(* The following system $\mathsf{Q}$ is sound for $\mathcal{Q}(\mathrm{FO})$ and $\mathcal{Q}(\mathrm{QBF})$ (with lax semantics), writing $\varphi\Leftrightarrow\psi$ for $(\varphi\Rightarrow\psi)$ and $(\psi\Rightarrow\varphi)$ combined by the team-level conjunction: (Lin$\forall$) $\forall x\sim\varphi\Leftrightarrow\sim\forall x\varphi$; (F$\exists$) $\exists x\alpha\Leftrightarrow\neg\forall x\neg\alpha$ for classical $\alpha$; (D$\exists\otimes$) $\exists x(\varphi\otimes\psi)\Leftrightarrow\exists x\varphi\otimes\exists x\psi$; (E$\forall$) $\forall x\alpha\Rightarrow\, !x\,\alpha$ for classical $\alpha$; (I$\forall$) $!x\,\psi\Rightarrow\forall x\psi$; (Dis$\forall$) $\forall x(\varphi\Rightarrow\psi)\Rightarrow(\forall x\varphi\Rightarrow\forall x\psi)$; (Dis$!$) $!x(\varphi\Rightarrow\psi)\Rightarrow(!x\varphi\Rightarrow\, !x\psi)$; and the rule: from a theorem $\varphi$ infer $!x\,\varphi$.
   Context: $\Rightarrow$ is the team-semantic material implication ($A\models\varphi\Rightarrow\psi$ iff $A\not\models\varphi$ or $A\models\psi$), $\sim$ the strong negation, $\otimes$ the splitting disjunction ($\varphi\otimes\psi := \sim(\varphi\multimap\sim\psi)$, i.e. the team splits as $S\cup U$ with $S\models\varphi$, $U\models\psi$). $\mathcal{Q}(\mathcal{L})$ is the closure of $\mathcal{L}$ under $\sim$, $\Rightarrow$, $\multimap$ and team quantifiers $\forall x$, $!x$ (shriek), with $\exists x\varphi:=\sim !x\sim\varphi$. For a structure $\mathcal{A}$ with domain $A$ and team $T$: $(\mathcal{A},T)\models\forall x\varphi$ iff the duplicating team $T[A/x]=\{s^x_a\mid s\in T,a\in A\}$ satisfies $\varphi$; $(\mathcal{A},T)\models\, !x\varphi$ iff $T[f/x]=\{s^x_a\mid s\in T,a\in f(s)\}$ satisfies $\varphi$ for every supplementing function $f:T\to\mathfrak{P}(A)\setminus\{\emptyset\}$ (lax semantics). For $\mathcal{Q}(\mathrm{QBF})$ the domain is $\{0,1\}$. *)

theory Defs
  imports Main
begin

type_synonym var = nat

datatype 'b qf =
    Cl 'b
  | Tl "'b qf"                  (* strong (contradictory) negation ~ *)
  | Imp "'b qf" "'b qf"
  | Lolli "'b qf" "'b qf"       (* -o, dual of the splitting disjunction *)
  | TAll var "'b qf"
  | Shriek var "'b qf"          (* shriek quantifier !x (lax) *)

definition dup :: "'a set \<Rightarrow> var \<Rightarrow> (var \<Rightarrow> 'a) set \<Rightarrow> (var \<Rightarrow> 'a) set" where
  "dup A x T = {s(x := a) | s a. s \<in> T \<and> a \<in> A}"

definition supfun :: "'a set \<Rightarrow> (var \<Rightarrow> 'a) set \<Rightarrow> ((var \<Rightarrow> 'a) \<Rightarrow> 'a set) \<Rightarrow> bool" where
  "supfun A T f = (\<forall>s\<in>T. f s \<noteq> {} \<and> f s \<subseteq> A)"

definition supp :: "var \<Rightarrow> ((var \<Rightarrow> 'a) \<Rightarrow> 'a set) \<Rightarrow> (var \<Rightarrow> 'a) set \<Rightarrow> (var \<Rightarrow> 'a) set" where
  "supp x f T = {s(x := a) | s a. s \<in> T \<and> a \<in> f s}"

text \<open>Team semantics; base formulas are flat: a team satisfies a classical
  formula iff every assignment in it does (M is the Tarskian satisfaction).\<close>

fun qsat :: "'a set \<Rightarrow> ('b \<Rightarrow> (var \<Rightarrow> 'a) \<Rightarrow> bool) \<Rightarrow> (var \<Rightarrow> 'a) set \<Rightarrow> 'b qf \<Rightarrow> bool" where
  "qsat A M T (Cl \<alpha>) = (\<forall>s\<in>T. M \<alpha> s)"
| "qsat A M T (Tl \<phi>) = (\<not> qsat A M T \<phi>)"
| "qsat A M T (Imp \<phi> \<psi>) = (qsat A M T \<phi> \<longrightarrow> qsat A M T \<psi>)"
| "qsat A M T (Lolli \<phi> \<psi>) = (\<forall>S U. S \<union> U = T \<longrightarrow> qsat A M S \<phi> \<longrightarrow> qsat A M U \<psi>)"
| "qsat A M T (TAll x \<phi>) = qsat A M (dup A x T) \<phi>"
| "qsat A M T (Shriek x \<phi>) = (\<forall>f. supfun A T f \<longrightarrow> qsat A M (supp x f T) \<phi>)"

definition qand :: "'b qf \<Rightarrow> 'b qf \<Rightarrow> 'b qf" where
  "qand \<phi> \<psi> = Tl (Imp \<phi> (Tl \<psi>))"

definition qiff :: "'b qf \<Rightarrow> 'b qf \<Rightarrow> 'b qf" where
  "qiff \<phi> \<psi> = qand (Imp \<phi> \<psi>) (Imp \<psi> \<phi>)"

definition qex :: "var \<Rightarrow> 'b qf \<Rightarrow> 'b qf" where
  "qex x \<phi> = Tl (Shriek x (Tl \<phi>))"

definition tensor :: "'b qf \<Rightarrow> 'b qf \<Rightarrow> 'b qf" where
  "tensor \<phi> \<psi> = Tl (Lolli \<phi> (Tl \<psi>))"

inductive Qder :: "('b \<Rightarrow> 'b) \<Rightarrow> (var \<Rightarrow> 'b \<Rightarrow> 'b) \<Rightarrow> 'b qf \<Rightarrow> bool"
  for bneg :: "'b \<Rightarrow> 'b" and ball :: "var \<Rightarrow> 'b \<Rightarrow> 'b" where
  LinAll: "Qder bneg ball (qiff (TAll x (Tl \<phi>)) (Tl (TAll x \<phi>)))"
| FEx: "Qder bneg ball (qiff (qex x (Cl \<alpha>)) (Cl (bneg (ball x (bneg \<alpha>)))))"
| DExTensor: "Qder bneg ball (qiff (qex x (tensor \<phi> \<psi>)) (tensor (qex x \<phi>) (qex x \<psi>)))"
| EAll: "Qder bneg ball (Imp (TAll x (Cl \<alpha>)) (Shriek x (Cl \<alpha>)))"
| IAll: "Qder bneg ball (Imp (Shriek x \<psi>) (TAll x \<psi>))"
| DisAll: "Qder bneg ball (Imp (TAll x (Imp \<phi> \<psi>)) (Imp (TAll x \<phi>) (TAll x \<psi>)))"
| DisShriek: "Qder bneg ball (Imp (Shriek x (Imp \<phi> \<psi>)) (Imp (Shriek x \<phi>) (Shriek x \<psi>)))"
| Nec: "Qder bneg ball \<phi> \<Longrightarrow> Qder bneg ball (Shriek x \<phi>)"

datatype 'f trm = Var var | Fn 'f "'f trm list"

datatype ('f, 'r) fo =
    FEq "'f trm" "'f trm"
  | FRel 'r "'f trm list"
  | FNeg "('f, 'r) fo"
  | FConj "('f, 'r) fo" "('f, 'r) fo"
  | FDisj "('f, 'r) fo" "('f, 'r) fo"
  | FEx var "('f, 'r) fo"
  | FAll var "('f, 'r) fo"

fun teval :: "('f \<Rightarrow> 'a list \<Rightarrow> 'a) \<Rightarrow> (var \<Rightarrow> 'a) \<Rightarrow> 'f trm \<Rightarrow> 'a" where
  "teval F s (Var v) = s v"
| "teval F s (Fn g ts) = F g (map (teval F s) ts)"

fun fosat :: "'a set \<Rightarrow> ('f \<Rightarrow> 'a list \<Rightarrow> 'a) \<Rightarrow> ('r \<Rightarrow> 'a list \<Rightarrow> bool)
    \<Rightarrow> ('f, 'r) fo \<Rightarrow> (var \<Rightarrow> 'a) \<Rightarrow> bool" where
  "fosat A F R (FEq t u) s = (teval F s t = teval F s u)"
| "fosat A F R (FRel r ts) s = R r (map (teval F s) ts)"
| "fosat A F R (FNeg \<phi>) s = (\<not> fosat A F R \<phi> s)"
| "fosat A F R (FConj \<phi> \<psi>) s = (fosat A F R \<phi> s \<and> fosat A F R \<psi> s)"
| "fosat A F R (FDisj \<phi> \<psi>) s = (fosat A F R \<phi> s \<or> fosat A F R \<psi> s)"
| "fosat A F R (FEx x \<phi>) s = (\<exists>a\<in>A. fosat A F R \<phi> (s(x := a)))"
| "fosat A F R (FAll x \<phi>) s = (\<forall>a\<in>A. fosat A F R \<phi> (s(x := a)))"

definition fo_structure :: "'a set \<Rightarrow> ('f \<Rightarrow> 'a list \<Rightarrow> 'a) \<Rightarrow> bool" where
  "fo_structure A F = (A \<noteq> {} \<and> (\<forall>g xs. set xs \<subseteq> A \<longrightarrow> F g xs \<in> A))"

section \<open>Quantified Boolean formulas (domain {0,1} rendered as bool)\<close>

datatype qbf =
    PV var
  | PNeg qbf
  | PConj qbf qbf
  | PDisj qbf qbf
  | PEx var qbf
  | PAll var qbf

fun qbfsat :: "qbf \<Rightarrow> (var \<Rightarrow> bool) \<Rightarrow> bool" where
  "qbfsat (PV v) s = s v"
| "qbfsat (PNeg \<phi>) s = (\<not> qbfsat \<phi> s)"
| "qbfsat (PConj \<phi> \<psi>) s = (qbfsat \<phi> s \<and> qbfsat \<psi> s)"
| "qbfsat (PDisj \<phi> \<psi>) s = (qbfsat \<phi> s \<or> qbfsat \<psi> s)"
| "qbfsat (PEx x \<phi>) s = (\<exists>b. qbfsat \<phi> (s(x := b)))"
| "qbfsat (PAll x \<phi>) s = (\<forall>b. qbfsat \<phi> (s(x := b)))"

end

theory Submission
  imports Defs
begin

text \<open>Strong negation and implication are Boolean at the level of teams, so
  (Lin\<forall>), (Dis\<forall>), (Dis!) and the necessitation rule hold for purely propositional
  reasons. The remaining axioms are facts about supplementing functions: every
  supplement of T is a subteam of the duplicate T[A/x], and flat (classical)
  formulas are downward closed (E\<forall>); the constant supplement A is the duplicate itself
  (I\<forall>); for a flat formula a supplement is just a choice of witnesses (F\<exists>); and a
  split of a supplemented team lifts to a split of T with one supplement per part,
  and conversely supplements of the parts merge (D\<exists>\<otimes>).\<close>

lemma qsat_qand [simp]: "qsat A M T (qand \<phi> \<psi>) = (qsat A M T \<phi> \<and> qsat A M T \<psi>)"
  by (simp add: qand_def)

lemma qsat_qiff [simp]: "qsat A M T (qiff \<phi> \<psi>) = (qsat A M T \<phi> = qsat A M T \<psi>)"
  by (auto simp: qiff_def)

lemma qsat_qex [simp]:
  "qsat A M T (qex x \<phi>) = (\<exists>f. supfun A T f \<and> qsat A M (supp x f T) \<phi>)"
  by (simp add: qex_def)

lemma qsat_tensor [simp]:
  "qsat A M T (tensor \<phi> \<psi>) = (\<exists>S U. S \<union> U = T \<and> qsat A M S \<phi> \<and> qsat A M U \<psi>)"
  by (auto simp: tensor_def)

lemma supp_subset_dup: "supfun A T f \<Longrightarrow> supp x f T \<subseteq> dup A x T"
  unfolding supfun_def supp_def dup_def by blast

lemma supfun_const: "A \<noteq> {} \<Longrightarrow> supfun A T (\<lambda>_. A)"
  unfolding supfun_def by simp

lemma supp_const_eq_dup: "supp x (\<lambda>_. A) T = dup A x T"
  unfolding supp_def dup_def by simp

lemma ex_supfun_flat_iff:
  "(\<exists>f. supfun A T f \<and> (\<forall>t\<in>supp x f T. P t)) \<longleftrightarrow> (\<forall>s\<in>T. \<exists>a\<in>A. P (s(x := a)))"
proof
  assume "\<exists>f. supfun A T f \<and> (\<forall>t\<in>supp x f T. P t)"
  then show "\<forall>s\<in>T. \<exists>a\<in>A. P (s(x := a))"
    unfolding supfun_def supp_def by blast
next
  assume "\<forall>s\<in>T. \<exists>a\<in>A. P (s(x := a))"
  then obtain g where g: "\<And>s. s \<in> T \<Longrightarrow> g s \<in> A \<and> P (s(x := g s))" by metis
  have "supfun A T (\<lambda>s. {g s})" "\<forall>t\<in>supp x (\<lambda>s. {g s}) T. P t"
    using g unfolding supfun_def supp_def by auto
  then show "\<exists>f. supfun A T f \<and> (\<forall>t\<in>supp x f T. P t)" by blast
qed

lemma supp_restrict:
  assumes "supfun A T f" and "S \<subseteq> supp x f T"
  defines "T' \<equiv> {s \<in> T. \<exists>a\<in>f s. s(x := a) \<in> S}"
    and "f' \<equiv> \<lambda>s. {a \<in> f s. s(x := a) \<in> S}"
  shows "supfun A T' f'" and "supp x f' T' = S"
proof -
  show "supfun A T' f'"
    using assms(1) unfolding supfun_def T'_def f'_def by blast
  have "S \<subseteq> supp x f' T'"
  proof
    fix t assume "t \<in> S"
    with assms(2) obtain s a where "t = s(x := a)" "s \<in> T" "a \<in> f s"
      unfolding supp_def by blast
    with \<open>t \<in> S\<close> show "t \<in> supp x f' T'"
      unfolding supp_def f'_def T'_def by blast
  qed
  then show "supp x f' T' = S"
    unfolding supp_def f'_def T'_def by blast
qed

lemma supp_split:
  assumes "supfun A T f" and "S \<union> U = supp x f T"
  obtains T1 f1 T2 f2 where "T1 \<union> T2 = T"
    and "supfun A T1 f1" "supp x f1 T1 = S" and "supfun A T2 f2" "supp x f2 T2 = U"
proof -
  have cover: "T = {s \<in> T. \<exists>a\<in>f s. s(x := a) \<in> S} \<union> {s \<in> T. \<exists>a\<in>f s. s(x := a) \<in> U}"
    using assms unfolding supfun_def supp_def by blast
  show ?thesis
    using that[OF cover[symmetric]] supp_restrict[OF assms(1), of S x] supp_restrict[OF assms(1), of U x]
      assms(2) by blast
qed

lemma supp_merge:
  assumes "supfun A T1 f1" and "supfun A T2 f2"
  obtains f where "supfun A (T1 \<union> T2) f" and "supp x f (T1 \<union> T2) = supp x f1 T1 \<union> supp x f2 T2"
proof
  let ?f = "\<lambda>s. {a. s \<in> T1 \<and> a \<in> f1 s \<or> s \<in> T2 \<and> a \<in> f2 s}"
  show "supfun A (T1 \<union> T2) ?f"
    using assms unfolding supfun_def by blast
  show "supp x ?f (T1 \<union> T2) = supp x f1 T1 \<union> supp x f2 T2"
    unfolding supp_def by blast
qed

lemma ex_supfun_split_iff:
  "(\<exists>f. supfun A T f \<and> (\<exists>S U. S \<union> U = supp x f T \<and> P S \<and> Q U)) \<longleftrightarrow>
   (\<exists>T1 T2. T1 \<union> T2 = T \<and> (\<exists>f. supfun A T1 f \<and> P (supp x f T1))
                        \<and> (\<exists>f. supfun A T2 f \<and> Q (supp x f T2)))"
proof
  assume "\<exists>f. supfun A T f \<and> (\<exists>S U. S \<union> U = supp x f T \<and> P S \<and> Q U)"
  then obtain f S U where "supfun A T f" "S \<union> U = supp x f T" "P S" "Q U" by blast
  moreover from \<open>supfun A T f\<close> \<open>S \<union> U = supp x f T\<close> obtain T1 f1 T2 f2
    where "T1 \<union> T2 = T" "supfun A T1 f1" "supp x f1 T1 = S" "supfun A T2 f2" "supp x f2 T2 = U"
    by (rule supp_split)
  ultimately show "\<exists>T1 T2. T1 \<union> T2 = T \<and> (\<exists>f. supfun A T1 f \<and> P (supp x f T1))
                                \<and> (\<exists>f. supfun A T2 f \<and> Q (supp x f T2))"
    by blast
next
  assume "\<exists>T1 T2. T1 \<union> T2 = T \<and> (\<exists>f. supfun A T1 f \<and> P (supp x f T1))
                              \<and> (\<exists>f. supfun A T2 f \<and> Q (supp x f T2))"
  then obtain T1 T2 f1 f2 where "T1 \<union> T2 = T"
    "supfun A T1 f1" "P (supp x f1 T1)" "supfun A T2 f2" "Q (supp x f2 T2)" by blast
  moreover from \<open>supfun A T1 f1\<close> \<open>supfun A T2 f2\<close> obtain f
    where "supfun A (T1 \<union> T2) f" "supp x f (T1 \<union> T2) = supp x f1 T1 \<union> supp x f2 T2"
    by (rule supp_merge)
  ultimately show "\<exists>f. supfun A T f \<and> (\<exists>S U. S \<union> U = supp x f T \<and> P S \<and> Q U)"
    by blast
qed

lemma Qder_sound:
  assumes "Qder bneg ball \<phi>" and "A \<noteq> {}"
    and dual_ball: "\<And>x \<alpha> s. M (bneg (ball x (bneg \<alpha>))) s \<longleftrightarrow> (\<exists>a\<in>A. M \<alpha> (s(x := a)))"
  shows "qsat A M T \<phi>"
  using assms(1)
proof (induction arbitrary: T)
  case (FEx x \<alpha>)
  show ?case
    using ex_supfun_flat_iff[of A T x "M \<alpha>"] by (simp add: dual_ball)
next
  case (DExTensor x \<phi> \<psi>)
  show ?case
    using ex_supfun_split_iff[of A T x "\<lambda>S. qsat A M S \<phi>" "\<lambda>U. qsat A M U \<psi>"] by simp
next
  case (EAll x \<alpha>)
  show ?case
    using supp_subset_dup[of A T _ x] by auto
next
  case (IAll x \<psi>)
  have "supfun A T (\<lambda>_. A)"
    using \<open>A \<noteq> {}\<close> by (rule supfun_const)
  then show ?case
    by (metis qsat.simps(3,5,6) supp_const_eq_dup)
qed simp_all

theorem mainTheorem9:
  shows "(\<forall>(\<phi> :: ('f, 'r) fo qf) (A :: 'a set) (F :: 'f \<Rightarrow> 'a list \<Rightarrow> 'a)
            (R :: 'r \<Rightarrow> 'a list \<Rightarrow> bool) T.
            Qder FNeg FAll \<phi> \<longrightarrow> fo_structure A F \<longrightarrow> (\<forall>s\<in>T. \<forall>v. s v \<in> A) \<longrightarrow>
            qsat A (fosat A F R) T \<phi>)
       \<and> (\<forall>(\<phi> :: qbf qf) T. Qder PNeg PAll \<phi> \<longrightarrow> qsat (UNIV :: bool set) qbfsat T \<phi>)"
proof (intro conjI allI impI)
  fix \<phi> :: "('f, 'r) fo qf" and A :: "'a set" and F :: "'f \<Rightarrow> 'a list \<Rightarrow> 'a"
    and R :: "'r \<Rightarrow> 'a list \<Rightarrow> bool" and T :: "(var \<Rightarrow> 'a) set"
  assume "Qder FNeg FAll \<phi>" and "fo_structure A F"
  then show "qsat A (fosat A F R) T \<phi>"
    by (intro Qder_sound[where bneg = FNeg and ball = FAll]) (auto simp: fo_structure_def)
next
  fix \<phi> :: "qbf qf" and T :: "(var \<Rightarrow> bool) set"
  assume "Qder PNeg PAll \<phi>"
  then show "qsat (UNIV :: bool set) qbfsat T \<phi>"
    by (intro Qder_sound[where bneg = PNeg and ball = PAll]) auto
qed

end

**Exercise goal:** Extract the lines of the preceding material that run from the line with "formulas are downward" through the line with "by (auto simp: qiff_def)", inclusive, reproducing them exactly and adding nothing.

**Response to this exercise:**
  formulas are downward closed (E\<forall>); the constant supplement A is the duplicate itself
  (I\<forall>); for a flat formula a supplement is just a choice of witnesses (F\<exists>); and a
  split of a supplemented team lifts to a split of T with one supplement per part,
  and conversely supplements of the parts merge (D\<exists>\<otimes>).\<close>

lemma qsat_qand [simp]: "qsat A M T (qand \<phi> \<psi>) = (qsat A M T \<phi> \<and> qsat A M T \<psi>)"
  by (simp add: qand_def)

lemma qsat_qiff [simp]: "qsat A M T (qiff \<phi> \<psi>) = (qsat A M T \<phi> = qsat A M T \<psi>)"
  by (auto simp: qiff_def)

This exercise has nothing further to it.